We have some code that sets up various event counters and reads them. We bracket this code with reads of the cycle counter. We have noticed that depending on what event counter we are configuring, we see widely different cycle counts when running the same piece of code. Here is some psuedo-code for what we are attempting:
Configure event X to PMU counter 0
read cycle counter
Call test_code
Read cycle counter
Read PMU counter 0
We see by the cycle counter that it takes more cycles to execute our test_code when we configure event 4 than say event 5
Is this to be expected? What causes this?
This is running on a Cortex-A8 on bare-hardware.

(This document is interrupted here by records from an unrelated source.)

lemma delta_range_cocycle:
  assumes "a \<in> range (cocycle delta S B1 B2)"
  shows "\<exists>L. set L \<subseteq> range (cocycle delta S B1 B2) \<times> range (cocycle delta S B1 B2)
    \<and> teq sc (delta a) L"
proof -
  obtain b where "a = b \<odot> 1"
    using assms unfolding range_cocycle by auto
  then show ?thesis
    using delta_desc_op_one[of b] unfolding range_cocycle
    by (intro exI[of _ "map (\<lambda>(x, y). (x \<odot> 1, y \<odot> 1)) (delta b)"]) auto
qed

end

theorem mainTheorem9:
  fixes sc :: "'k::field_char_0 \<Rightarrow> 'h::ring_1 \<Rightarrow> 'h"
    and delta :: "'h \<Rightarrow> ('h \<times> 'h) list" and eps :: "'h \<Rightarrow> 'k"
    and S B1 B2 :: "'h \<Rightarrow> 'h"
  assumes "rota_baxter_system sc delta eps S B1 B2"
  defines "H1 \<equiv> range (cocycle delta S B1 B2)"
  shows "(\<forall>a\<in>H1. \<forall>b\<in>H1. desc_op delta S B1 B2 a b \<in> H1)
    \<and> (\<forall>a\<in>H1. \<exists>L. set L \<subseteq> H1 \<times> H1 \<and> teq sc (delta a) L)
    \<and> unital_algebra_on sc H1 (desc_op delta S B1 B2) 1
    \<and> coalgebra_on sc H1 delta eps \<and> cocommutative_on sc H1 delta"
proof -
  interpret rota_baxter_hopf sc delta eps S B1 B2
    using assms(1) by unfold_locales
  have algebra: "unital_algebra_on sc H1 (desc_op delta S B1 B2) 1"
    unfolding H1_def by (rule unital_algebra_on_range_cocycle)
  have delta_closed: "\<forall>a\<in>H1. \<exists>L. set L \<subseteq> H1 \<times> H1 \<and> teq sc (delta a) L"
    unfolding H1_def using delta_range_cocycle by blast
  have "coalgebra_on sc H1 delta eps"
    using coalgebra_on_subspace[OF coalgebra _ delta_closed] algebra
    by (simp add: unital_algebra_on_def)
  moreover have "cocommutative_on sc H1 delta"
    using cocommutative_on_subset[OF cocommutative_on_UNIV] by blast
  ultimately show ?thesis
    using algebra delta_closed by (simp add: unital_algebra_on_def)
qed

end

Also, The TRM was unclear about how expensive reading these counters are. At one point, the TRM says MRC/MCR takes a minimum of 60 cycles, but it isn't clear if that is referring to all or a subset of the instructions.
Yes, there is a range. When event 5 is configured the delta between highest and lowest is 500 cycles. Event 4 it is 130 cycles and event 0xD it is 175 cycles. This is not what I am questioning.
In absolute terms there is a difference of almost 700 cycles between event 5 and 4. I would have expected the cost of reading the PMU count register to have less of a variation dependent on event number.
Don't forget I also asked about the cycle count for the basic operation of reading these registers.
Thanks